There's some hardcore teething going on in Gavin's mouth right now. Mid morning he was on his back on the floor and when he opened his mouth I saw a bluish mark on his gums. It looked like he'd sucked on a blue marker, though I knew that wasn't possible because a) I know to keep such things out of his reach and b) his hand-eye coordination is good, but not that good. Surely there would have been marks on his cheeks and hands and chin and eyelids, etc.
"Lemme see that," I say, reaching toward his mouth. This, of course, is his cue to clamp his mouth shut and refuse even a modicum of cooperation. "Dude, I need to look inside your mouth." After a bit of wrangling I see that there is, indeed, a purplish hue right where one of his top front teeth would be if he had top front teeth. "Does that hurt?" I ask, and then touch it because I am, you know, a doctor. He doesn't seem bothered by it and I make a mental note to Google "teething" during his nap.

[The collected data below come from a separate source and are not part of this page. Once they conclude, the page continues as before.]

(* As formal power series in variables $p_1,p_2,\dots$, $$\sum_{\ell(\mu)\ge2}\frac{(|\mu|+\ell(\mu)-3)!\,(\ell(\mu)-1)\,p_\mu}{(|\mu|-1)!\,z_\mu}=\frac12\left(\sum_{\mu\ne\emptyset}\frac{(|\mu|+\ell(\mu)-2)!\,p_\mu}{(|\mu|-1)!\,z_\mu}\right)^2,$$ where the sums are over partitions $\mu$.
   Context: A partition is $\mu=(\mu_1\ge\cdots\ge\mu_k>0)$ with $|\mu|=\sum\mu_i$ and $\ell(\mu)=k$. $m_j(\mu)$ is the number of parts equal to $j$, $z_\mu=\prod_jm_j(\mu)!\,j^{m_j(\mu)}$, and $p_\mu=\prod_jp_j^{m_j(\mu)}$. *)

theory Defs
  imports Complex_Main "HOL-Library.Multiset"
begin

text \<open>Partitions are finite multisets of positive integers (the parts).
A formal power series in the variables p_1, p_2, ... is represented by its
coefficient function: the coefficient of the monomial p_mu for every multiset mu
of natural numbers (the coefficients at multisets containing 0, which are not
partitions, are 0 for all series considered).\<close>

definition is_partition :: "nat multiset \<Rightarrow> bool" where
  "is_partition \<mu> \<longleftrightarrow> 0 \<notin># \<mu>"

definition psize :: "nat multiset \<Rightarrow> nat" where
  "psize \<mu> = sum_mset \<mu>"

definition plen :: "nat multiset \<Rightarrow> nat" where
  "plen \<mu> = size \<mu>"

definition zee :: "nat multiset \<Rightarrow> nat" where
  "zee \<mu> = (\<Prod>j\<in>set_mset \<mu>. fact (count \<mu> j) * j ^ count \<mu> j)"

text \<open>Product of formal power series in p_1,p_2,...: since p_nu * p_rho = p_(nu+rho)
(multiset union), the coefficient of p_mu in f*g is the sum over splittings mu = nu + rho.\<close>

definition mps_mult :: "(nat multiset \<Rightarrow> real) \<Rightarrow> (nat multiset \<Rightarrow> real) \<Rightarrow> nat multiset \<Rightarrow> real" where
  "mps_mult f g \<mu> = (\<Sum>\<nu>\<in>{\<nu>. \<nu> \<subseteq># \<mu>}. f \<nu> * g (\<mu> - \<nu>))"

end

theory Submission
  imports Defs
begin

text \<open>Write x^(k) for the rising factorial x (x+1) \<cdots> (x+k-1) and, for a partition \<nu>,
w(\<nu>) = |\<nu>|^(\<ell>(\<nu>)-1) = (|\<nu>| + \<ell>(\<nu>) - 2)! / (|\<nu>| - 1)!, so that the series on the right
is \<Sum> w(\<nu>) p_\<nu> / z_\<nu>. Since z_\<nu> z_(\<mu>-\<nu>) C(\<mu>,\<nu>) = z_\<mu>, where C(\<mu>,\<nu>) is the product of the
binomial coefficients of the multiplicities, the coefficient of p_\<mu> / z_\<mu> in its square is the
binomial convolution \<Sum>_(\<nu> \<subseteq> \<mu>) C(\<mu>,\<nu>) w(\<nu>) w(\<mu>-\<nu>).

This convolution is evaluated with the Abel-type polynomials A_\<nu>(a) = a (a + |\<nu>| + 1)^(\<ell>(\<nu>)-1),
A_\<emptyset> = 1, which satisfy \<Sum>_\<nu> C(\<mu>,\<nu>) A_\<nu>(a) A_(\<mu>-\<nu>)(b) = A_\<mu>(a + b) for integers a:
by induction on \<ell>(\<mu>), both sides obey the difference equation
A_\<mu>(a + 1) - A_\<mu>(a) = \<Sum>_j m_j(\<mu>) A_(\<mu>-j)(a + j + 1), and they agree at a = 0.
As A_\<nu>(-1) = -w(\<nu>) for \<nu> \<noteq> \<emptyset>, the choice a = b = -1 gives
\<Sum>_\<nu> C(\<mu>,\<nu>) w(\<nu>) w(\<mu>-\<nu>) = A_\<mu>(-2) + 2 w(\<mu>) = 2 (\<ell>(\<mu>) - 1) |\<mu>|^(\<ell>(\<mu>)-2),
twice the coefficient on the left.\<close>

lemma finite_submultisets: "finite {\<nu>. \<nu> \<subseteq># (\<mu> :: 'a multiset)}"
proof (rule finite_subset)
  show "{\<nu>. \<nu> \<subseteq># \<mu>} \<subseteq> mset ` {xs. set xs \<subseteq> set_mset \<mu> \<and> length xs \<le> size \<mu>}"
  proof
    fix \<nu> assume "\<nu> \<in> {\<nu>. \<nu> \<subseteq># \<mu>}"
    moreover obtain xs where "\<nu> = mset xs" by (metis ex_mset)
    ultimately show "\<nu> \<in> mset ` {xs. set xs \<subseteq> set_mset \<mu> \<and> length xs \<le> size \<mu>}"
      by (metis (mono_tags, lifting) image_eqI mem_Collect_eq set_mset_mono set_mset_mset
          size_mset size_mset_mono)
  qed
qed (simp add: finite_lists_length_le)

But then I don't. I forget. I also run out of time. For one thing, it became increasingly obvious as the day went on that I am coming down with a cold (awesome!) and so I kind of veg out after I throw a load of laundry in and put the dishes away. And Gavin's first nap was piss-poor. He slept for almost an hour, not the heavenly two hours he needs and I desperately want. Alas.
The hours between his first and second nap were long. He was cranky, never quite satisfied with his position or activity. There was a lot of carrying going on (and with Gavin clocking in at about 22 lbs. that's pretty much the equivalent of me doing prison chain gang labor). I hold out as long as I can for his next nap lest I put him to bed too early, but not before verifying that he probably has a gum hematoma (do not do a Google image search for this term) and his top front tooth and/or teeth are a-comin'. Poor Bear, I think. And then, Poor Stacy. He's already bitten her and all he's got are two bottom teeth. Soon he'll have a set of chompers to work in tandem on my poor wife's hoots. The plan is to breast feed him until he's a year old. We'll see if they make it (and I say "they" because I am not part of this equation or decision. It is in no way mine).
One of the many activities we engaged in was a combination of Playing on the Floor With Toys and Listening to Mama D sing along with early Dionne Warwick (the Burt Bacharach stuff is her best. He really is the best pop music composer ever). Gavin is a good audience, for the most part, looking up occasionally when I do hand gestures and finger points along to the music or sing a particularly loud part. Mostly he's humoring me, but I don't really need more than that. It's slightly more gratifying than singing alone in my car, which is how I usually roll.
Stacy had to work late and so it was up to me to bathe the Bear tonight. Feeling, as I do, like my head is slowing expanding and my throat closing, I was less than enthusiastic about this. I was running out of energy and it takes coordination and alertness to clean a wet squirmy baby. Protocol around here is co-tubbing, which means getting in the tub with Gavin because no bath chair will hold him and he's too unstable to sit there himself. I'd been drinking a lot of liquids today and as soon as we got in the tub I felt a strong urge to pee. I am happy to report that I did not. Gavin peeing in the tub during a bath is one thing, his mom is another.
So sorry to hear you are sick! But very happy to hear that you did not pee on your child when bathing him.